You can't make her get help. But you can let her know that you hate what she's going through, that you want to help her, and that if she doesn't want help, the rest of you aren't going to let her actions control your lives anymore. Again, I'm so sorry that you're going through this. Please feel free to contact me if you want to talk.
posted by decathecting at 2:55 PM on December 17, 2010 [14 favorites]

Has your mom been seeing her GP regularly? Could your father discuss it with her GP?
posted by fairytale of los angeles at 3:05 PM on December 17, 2010

I came here to say what decathecting said.
posted by ApathyGirl at 3:45 PM on December 17, 2010

Yeah, what decathecting said. Trust me, you cannot make people go to therapy. Even if they're physically dragged there, it won't be therapy without their cooperation.
posted by SMPA at 4:05 PM on December 17, 2010

What catlet and fairytale said. My mom lived with me and my son for about 8 years before she died. She suffered from depression and eventually dementia, and it was her primary care physician who diagnosed both and was able to get her to accept help. It wasn't her effect on us that got her on medication -- it was the doctor's assurance that her problems were essentially chemical in nature, and could be treated as such. Knowing that her unhappiness was not a failure of character made all the difference. She became willing to be treated for depression once she understood it to be a condition she wasn't responsible for, like red hair or sensitive skin. Your mom may not need therapy -- she may need medication. In either case, her doctor would be a good place to start.
posted by Srudolph at 4:53 PM on December 17, 2010 [2 favorites]

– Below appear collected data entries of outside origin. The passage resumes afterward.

(* There is a finite set $D$ and an infinite set $\Gamma \subseteq \mathbf{\Phi}_D$ of weighted relations such that $\mathrm{Imp}(\mathrm{wPol}(\Gamma)) \neq \mathrm{wRelClone}(\Gamma)$.
   Context: Let $\overline{\mathbb{Q}}=\mathbb{Q}\cup\{\infty\}$. An $m$-ary weighted relation on a finite set $D$ ($m\ge1$) is a map $\gamma:D^m\to\overline{\mathbb{Q}}$; $\mathbf{\Phi}_D$ denotes the set of all weighted relations on $D$. $\mathrm{Feas}(\gamma)=\{\mathbf{x}\in D^m:\gamma(\mathbf{x})<\infty\}$. $\phi_=$ is the binary equality relation ($0$ if $x=y$, $\infty$ otherwise) and $\phi_\emptyset$ is the unary relation that is $\infty$ everywhere. A weighted relation $\gamma$ of arity $r$ is obtained by addition from $\gamma_1$ (arity $s$) and $\gamma_2$ (arity $t$) if $\gamma(x_1,\dots,x_r)=\gamma_1(y_1,\dots,y_s)+\gamma_2(z_1,\dots,z_t)$ for some fixed choice of the $y_i,z_j$ among $x_1,\dots,x_r$; it is obtained by minimisation from $\gamma'$ of arity $r+s$ if $\gamma(x_1,\dots,x_r)=\min_{(y_1,\dots,y_s)\in D^s}\gamma'(x_1,\dots,x_r,y_1,\dots,y_s)$. A set $\Gamma\subseteq\mathbf{\Phi}_D$ is a weighted relational clone if it contains $\phi_=$ and $\phi_\emptyset$ and is closed under addition, minimisation, scaling by non-negative rational constants (with $0\cdot\infty=\infty$) and addition of rational constants; $\mathrm{wRelClone}(\Gamma)$ is the smallest weighted relational clone containing $\Gamma$. A $k$-ary operation is a map $f:D^k\to D$, applied to tuples coordinatewise. $f$ is a polymorphism of $\gamma$ if $f(\mathbf{x}_1,\dots,\mathbf{x}_k)\in\mathrm{Feas}(\gamma)$ whenever all $\mathbf{x}_i\in\mathrm{Feas}(\gamma)$; $\mathrm{Pol}(\Gamma)$ is the set of common polymorphisms of all $\gamma\in\Gamma$. Projections are $e^{(k)}_i(x_1,\dots,x_k)=x_i$. A clone is a set of operations containing all projections and closed under superposition ($f[g_1,\dots,g_k](\mathbf{x})=f(g_1(\mathbf{x}),\dots,g_k(\mathbf{x}))$); $C^{(k)}$ denotes its $k$-ary members. A $k$-ary weighting of a clone $C$ is a function $\omega:C^{(k)}\to\mathbb{Q}$ with $\sum_{f\in C^{(k)}}\omega(f)=0$ and $\omega(f)<0$ only if $f$ is a projection. It is a weighted polymorphism of $\gamma$ ($\gamma$ is improved by $\omega$) if $C\subseteq\mathrm{Pol}(\gamma)$ and for all $\mathbf{x}_1,\dots,\mathbf{x}_k\in\mathrm{Feas}(\gamma)$, $\sum_{f\in C^{(k)}}\omega(f)\gamma(f(\mathbf{x}_1,\dots,\mathbf{x}_k))\le0$. $\mathrm{wPol}(\Gamma)$ is the set of all weightings of the clone $\mathrm{Pol}(\Gamma)$ that are weighted polymorphisms of every $\gamma\in\Gamma$; $\mathrm{Imp}(\Omega)$ is the set of weighted relations in $\mathbf{\Phi}_D$ improved by every $\omega\in\Omega$. *)

theory Defs
  imports Complex_Main
begin

datatype qbar = Fin rat | PInf
text \<open>An SD-map fixes 0 and 1, is odd and multiplicative, and its defining identity takes
  the form f(x+y) (f x - f y) = f(x-y) (f x + f y). Using it for the pairs (x,1), (x,2), (x+1,1),
  (x-1,1) and eliminating f(x+2), f(x-2) shows, with f 2 = 2s, that f(x-1) = s (f x - 1) or
  (f x + 1) f(x-1) = s. The pairs (2,1), (4,1), (5,1) give f 2 = 2 or f 2 ^ 2 = -1, and the latter
  forces characteristic 5 and s = -1. If s = 1, f fixes the prime field, and for x outside it
  the alternatives at x and x+1 give f(x+1) = f x + 1 unless f(x+1) = f(-x), i.e. x = -1/2,
  which lies in the prime field; multiplicativity turns this into additivity. If s = -1 the
  same alternatives are contradictory for every x outside the prime field, so the field is
  \<open>\<bbbF>\<^sub>5\<close>, where f is w \<mapsto> w ^ 3.\<close>

lemma add_div_diff_eq_iff:
  fixes s t c :: "'a::field"
  assumes "(2::'a) \<noteq> 0" "c \<noteq> 0" "s \<noteq> c" "t \<noteq> c"
  shows "(s + c) / (s - c) = (t + c) / (t - c) \<longleftrightarrow> s = t"
proof
  assume "(s + c) / (s - c) = (t + c) / (t - c)"
  then have "(s + c) * (t - c) = (t + c) * (s - c)"
    using assms by (simp add: frac_eq_eq)
  then have "2 * c * (t - s) = 0"
    by (simp add: algebra_simps)
  then show "s = t"
    using assms(1,2) by simp
qed simp

lemma two_neq_zero_if_odd_CHAR:
  assumes "odd CHAR('a::field)"
  shows "(2::'a) \<noteq> 0"
proof
  assume "(2::'a) = 0"
  then have "CHAR('a) dvd 2"
    using of_nat_eq_0_iff_char_dvd[where 'a='a, of 2] by simp
  then have "CHAR('a) \<le> 2"
    by (rule dvd_imp_le) simp
  with assms show False
    using CHAR_not_1[where 'a='a] by (auto simp: le_Suc_eq numeral_2_eq_2)
qed

lemma half_in_Ints:
  assumes "odd CHAR('a::field)"
  shows "1 / 2 \<in> (\<int> :: 'a set)"
proof -
  obtain m where m: "CHAR('a) = 2 * m + 1"
    using assms oddE by blast
  have "2 * of_nat (m + 1) = (of_nat CHAR('a) + 1 :: 'a)"
    unfolding m by simp
  then have "(of_nat (m + 1) :: 'a) = 1 / 2"
    using two_neq_zero_if_odd_CHAR[OF assms] by (simp add: eq_divide_eq mult.commute)
  then show ?thesis
    by (metis Ints_of_nat)
qed

locale SD_map_char_not_2 =
  fixes f :: "'a::field \<Rightarrow> 'b::field"
  assumes SD_map: "SD_map f"
    and two_neq_zero_dom: "(2::'a) \<noteq> 0"
    and two_neq_zero_cod: "(2::'b) \<noteq> 0"
begin

lemma f_eq_iff [simp]: "f x = f y \<longleftrightarrow> x = y"
  using SD_map unfolding SD_map_def by blast

lemma f_add_div_diff:
  "x \<noteq> y \<Longrightarrow> f ((x + y) / (x - y)) = (f x + f y) / (f x - f y)"
  using SD_map unfolding SD_map_def by blast

lemma f_0 [simp]: "f 0 = 0"
proof (rule ccontr)
  assume "f 0 \<noteq> 0"
  moreover have "(f 1 + f 0) / (f 1 - f 0) = (f (-1) + f 0) / (f (-1) - f 0)"
    using f_add_div_diff[of 1 0] f_add_div_diff[of "-1" 0] by simp
  ultimately have "f 1 = f (-1)"
    using add_div_diff_eq_iff[OF two_neq_zero_cod] by simp
  moreover have "(1::'a) \<noteq> -1"
    using two_neq_zero_dom by (metis add_eq_0_iff one_add_one)
  ultimately show False
    by simp
qed

lemma f_eq_0_iff [simp]: "f x = 0 \<longleftrightarrow> x = 0"
  using f_eq_iff[of x 0] by simp

lemma f_1 [simp]: "f 1 = 1"
  using f_add_div_diff[of 1 0] by simp

lemma f_minus: "f (- x) = - f x"
proof (cases "x = 0")
  case False
  then have "x \<noteq> - x"
    using two_neq_zero_dom by (metis add_eq_0_iff mult_2 mult_eq_0_iff)
  then have "(f x + f (- x)) / (f x - f (- x)) = 0"
    using f_add_div_diff[of x "- x"] by simp
  moreover have "f x - f (- x) \<noteq> 0"
    using \<open>x \<noteq> - x\<close> by simp
  ultimately show ?thesis
    by (simp add: add_eq_0_iff)
qed simp

lemma f_divide: "f (x / y) = f x / f y"
proof -
  consider "y = 0" | "x = y" "y \<noteq> 0" | "x \<noteq> y" "y \<noteq> 0"
    by blast
  then show ?thesis
  proof cases
    case 3
    have "(x / y + 1) / (x / y - 1) = (x + y) / (x - y)"
      using 3 by (simp add: field_simps)
    then have "(f (x / y) + 1) / (f (x / y) - 1) = (f x + f y) / (f x - f y)"
      using f_add_div_diff[of "x / y" 1] f_add_div_diff[OF 3(1)] 3 by simp
    also have "\<dots> = (f x / f y + 1) / (f x / f y - 1)"
      using 3 by (simp add: field_simps)
    finally show ?thesis
      using add_div_diff_eq_iff[OF two_neq_zero_cod, of 1 "f (x / y)" "f x / f y"] 3
        f_eq_iff[of "x / y" 1]
      by simp
  qed simp_all
qed

lemma f_mult: "f (x * y) = f x * f y"
  using f_divide[of x "1 / y"] f_divide[of 1 y] by simp

lemma f_add_diff_relation:
  assumes "x \<noteq> y"
  shows "f (x + y) * (f x - f y) = f (x - y) * (f x + f y)"
proof -
  have "f (x + y) / f (x - y) = (f x + f y) / (f x - f y)"
    using f_add_div_diff[OF assms] f_divide by simp
  then show ?thesis
    using assms by (simp add: frac_eq_eq)
qed

lemma f_two_eq_or_square_eq_minus_one:
  assumes three: "(3::'a) \<noteq> 0"
  shows "f 2 = 2 \<or> f 2 ^ 2 = -1"
proof -
  have "(4::'a) \<noteq> 0"
    using two_neq_zero_dom mult_eq_0_iff[of "2::'a" 2] by simp
  then have neq: "(2::'a) \<noteq> 1" "(4::'a) \<noteq> 1" "(5::'a) \<noteq> 1" "(2::'a) \<noteq> -1"
    using three right_minus_eq[of "2::'a" 1] right_minus_eq[of "4::'a" 1]
      right_minus_eq[of "5::'a" 1] eq_neg_iff_add_eq_0[of "2::'a" 1] by simp_all
  define c where "c = f 2"
  have c: "c \<noteq> 0" "c + 1 \<noteq> 0"
    using two_neq_zero_dom f_eq_iff[of 2 "-1"] neq(4) f_minus[of 1]
    unfolding c_def by (auto simp only: add_eq_0_iff2 f_eq_0_iff f_1)
  have f4: "f 4 = c * c" and f6: "f 6 = c * f 3"
    using f_mult[of 2 2] f_mult[of 2 3] unfolding c_def by simp_all
  have "f 3 * (c - 1) = c + 1"
    using f_add_diff_relation[OF neq(1)] unfolding c_def by simp
  moreover have "f 5 * (c * c - 1) = f 3 * (c * c + 1)"
    using f_add_diff_relation[OF neq(2)] f4 by simp
  moreover have "f 3 * (f 5 - 1) = c * (f 5 + 1)"
    using f_add_diff_relation[OF neq(3)] f4 f6 c(1) by (simp add: mult.assoc)
  ultimately have "(c - 2) * (c ^ 2 + 1) = 0"
    using c two_neq_zero_cod by algebra
  then show ?thesis
    unfolding c_def by (simp add: eq_neg_iff_add_eq_0)
qed

lemma f_diff_one_cases:
  assumes "x \<notin> {0, 1, 2}" and "f 2 = 2 * s" and "s ^ 2 = 1"
  shows "f (x - 1) = s * (f x - 1) \<or> (f x + 1) * f (x - 1) = s"
proof -
  define u a b d e where
    "u = f x" "a = f (x + 1)" "b = f (x - 1)" "d = f (x + 2)" "e = f (x - 2)"
  have shifts: "x + 1 + 1 = x + 2" "x + 1 - 1 = x" "x - 1 + 1 = x" "x - 1 - 1 = x - 2"
    by simp_all
  have "x - 1 \<noteq> 1"
    using assms(1) right_minus_eq[of x 2] by (auto simp: algebra_simps)
  have rel1: "a * (u - 1) = b * (u + 1)"
    using f_add_diff_relation[of x 1] assms(1) unfolding u_a_b_d_e_def by simp
  have "d * (u - 2 * s) = e * (u + 2 * s)"
    using f_add_diff_relation[of x 2] assms(1,2) unfolding u_a_b_d_e_def by simp
  moreover have "d * (a - 1) = u * (a + 1)"
    using f_add_diff_relation[of "x + 1" 1] assms(1) unfolding u_a_b_d_e_def shifts by simp
  moreover have "u * (b - 1) = e * (b + 1)"
    using f_add_diff_relation[OF \<open>x - 1 \<noteq> 1\<close>] unfolding u_a_b_d_e_def shifts by simp
  ultimately have "u * ((a + 1) * (b + 1) * (u - 2 * s) - (a - 1) * (b - 1) * (u + 2 * s)) = 0"
    by algebra
  then have "(a + 1) * (b + 1) * (u - 2 * s) - (a - 1) * (b - 1) * (u + 2 * s) = 0"
    using assms(1) unfolding u_a_b_d_e_def by simp
  then have "2 * (2 * ((b - s * (u - 1)) * ((u + 1) * b - s))) = 0"
    using rel1 assms(3) by algebra
  then show ?thesis
    using two_neq_zero_cod unfolding u_a_b_d_e_def by (simp only: mult_eq_0_iff right_minus_eq) simp
qed

end

locale SD_map_odd_char =
  fixes f :: "'a::field \<Rightarrow> 'b::field"
  assumes SD_map: "SD_map f"
    and CHAR_eq: "CHAR('b) = CHAR('a)"
    and odd_CHAR: "odd CHAR('a)"

sublocale SD_map_odd_char \<subseteq> SD_map_char_not_2
proof
  show "(2::'a) \<noteq> 0"
    using odd_CHAR by (rule two_neq_zero_if_odd_CHAR)
  show "(2::'b) \<noteq> 0"
    using odd_CHAR CHAR_eq by (intro two_neq_zero_if_odd_CHAR) simp
qed (rule SD_map)

context SD_map_odd_char
begin

lemma of_nat_eq_0_cod_iff: "(of_nat n :: 'b) = 0 \<longleftrightarrow> (of_nat n :: 'a) = 0"
  by (simp add: of_nat_eq_0_iff_char_dvd CHAR_eq)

To repeat what has been said before... you can't make anyone go to therapy, no matter how much you may think they need it, and no matter how good your intentions. I learned this firsthand. The result of my efforts? A very skilled and experienced therapist that I contacted gently suggested that perhaps I could benefit from some therapy. She was right and it was the best thing that ever happened to me. YMMV.
posted by braemar at 5:52 PM on December 17, 2010

Thanks for the comments. The added frustration to this is that my brother recently went through depression, and my mom was proactive in helping him. She just can't seem to bridge that gap for herself. My father is physician, and was able to explain the biological and chemical aspects of his depression to her, but again, she won't listen to the same reasoning for herself. I'll try the GP suggestion though. Might help coming from a different doctor.
posted by msk1985 at 6:18 PM on December 17, 2010

Parents will move mountains for their kids, but not for themselves. My mom doesn't want to do therapy either, but for a few months she did some because my shrink told her it would help me. I got her to some group therapy sessions and she did do some private talks for awhile before she quit.

That MIGHT be the one loophole you can exploit here. I don't know your situation that well, but it's a possibility she might do it for her kid, if not for her, or something like that.